lemma rotation_is_path:
  assumes graph: "fin_graph V E" and path: "is_path V E Q" and rot: "rotation E Q Q'"
  shows "is_path V E Q' \<and> hd Q' = hd Q \<and> length Q' = length Q"
proof -
  obtain i where i: "i + 2 < length Q" "E (last Q) (Q ! i)"
    and Q': "Q' = take (Suc i) Q @ rev (drop (Suc i) Q)"
    using rot unfolding rotation_def by blast
  have sym: "\<And>x y. E x y \<Longrightarrow> E y x" using graph unfolding fin_graph_def by blast
  have Q: "distinct Q" "set Q \<subseteq> V" "successively E Q"
    using path unfolding is_path_iff_successively by auto
  have "successively E (take (Suc i) Q)" "successively E (drop (Suc i) Q)"
    using Q(3) by (metis append_take_drop_id successively_append_iff)+
  moreover have "last (take (Suc i) Q) = Q ! i" using i by (simp add: take_Suc_conv_app_nth)
  moreover have "hd (rev (drop (Suc i) Q)) = last Q" using i by (simp add: hd_rev)
  ultimately have "successively E Q'"
    unfolding Q' successively_append_iff successively_rev using i sym
    by (auto intro: successively_mono)
  moreover have "distinct Q'" unfolding Q' using Q(1) by (simp add: set_take_disj_set_drop_if_distinct)
  moreover have "set Q' = set Q" unfolding Q' by (metis append_take_drop_id set_append set_rev)
  moreover have "hd Q' = hd Q" "length Q' = length Q" unfolding Q' using i by (cases Q; simp)+
  ultimately show ?thesis using Q path unfolding is_path_iff_successively by auto
qed

lemma rotations_longest_path_from:
  assumes graph: "fin_graph V E" and longest: "longest_path_from V E x0 P"
    and rots: "(rotation E)\<^sup>*\<^sup>* P Q"
  shows "longest_path_from V E x0 Q"
  using rots
proof (induction rule: rtranclp_induct)
  case base
  show ?case using longest .
next
  case (step Q Q')
  then show ?case
    using rotation_is_path[OF graph _ step(2)] unfolding longest_path_from_def by metis
qed

lemma longest_path_from_last_neighbour:
  assumes graph: "fin_graph V E" and longest: "longest_path_from V E x0 Q" and "E (last Q) u"
  shows "u \<in> set Q"
proof (rule ccontr)
  assume u: "u \<notin> set Q"
  have "u \<in> V" using graph \<open>E (last Q) u\<close> unfolding fin_graph_def by blast
  moreover have "is_path V E Q" "hd Q = x0" using longest unfolding longest_path_from_def by auto
  ultimately have "is_path V E (Q @ [u]) \<and> hd (Q @ [u]) = x0"
    using u \<open>E (last Q) u\<close> unfolding is_path_iff_successively successively_append_iff by auto
  then have "length (Q @ [u]) \<le> length Q" using longest unfolding longest_path_from_def by blast
  then show False by simp
qed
########
- **Work request**:
Starting at the first line of the records, print each line exactly, stopping after the line that contains "append_take_drop_id set_append set_rev)".

- **Task output**:
lemma rotation_is_path:
  assumes graph: "fin_graph V E" and path: "is_path V E Q" and rot: "rotation E Q Q'"
  shows "is_path V E Q' \<and> hd Q' = hd Q \<and> length Q' = length Q"
proof -
  obtain i where i: "i + 2 < length Q" "E (last Q) (Q ! i)"
    and Q': "Q' = take (Suc i) Q @ rev (drop (Suc i) Q)"
    using rot unfolding rotation_def by blast
  have sym: "\<And>x y. E x y \<Longrightarrow> E y x" using graph unfolding fin_graph_def by blast
  have Q: "distinct Q" "set Q \<subseteq> V" "successively E Q"
    using path unfolding is_path_iff_successively by auto
  have "successively E (take (Suc i) Q)" "successively E (drop (Suc i) Q)"
    using Q(3) by (metis append_take_drop_id successively_append_iff)+
  moreover have "last (take (Suc i) Q) = Q ! i" using i by (simp add: take_Suc_conv_app_nth)
  moreover have "hd (rev (drop (Suc i) Q)) = last Q" using i by (simp add: hd_rev)
  ultimately have "successively E Q'"
    unfolding Q' successively_append_iff successively_rev using i sym
    by (auto intro: successively_mono)
  moreover have "distinct Q'" unfolding Q' using Q(1) by (simp add: set_take_disj_set_drop_if_distinct)
  moreover have "set Q' = set Q" unfolding Q' by (metis append_take_drop_id set_append set_rev)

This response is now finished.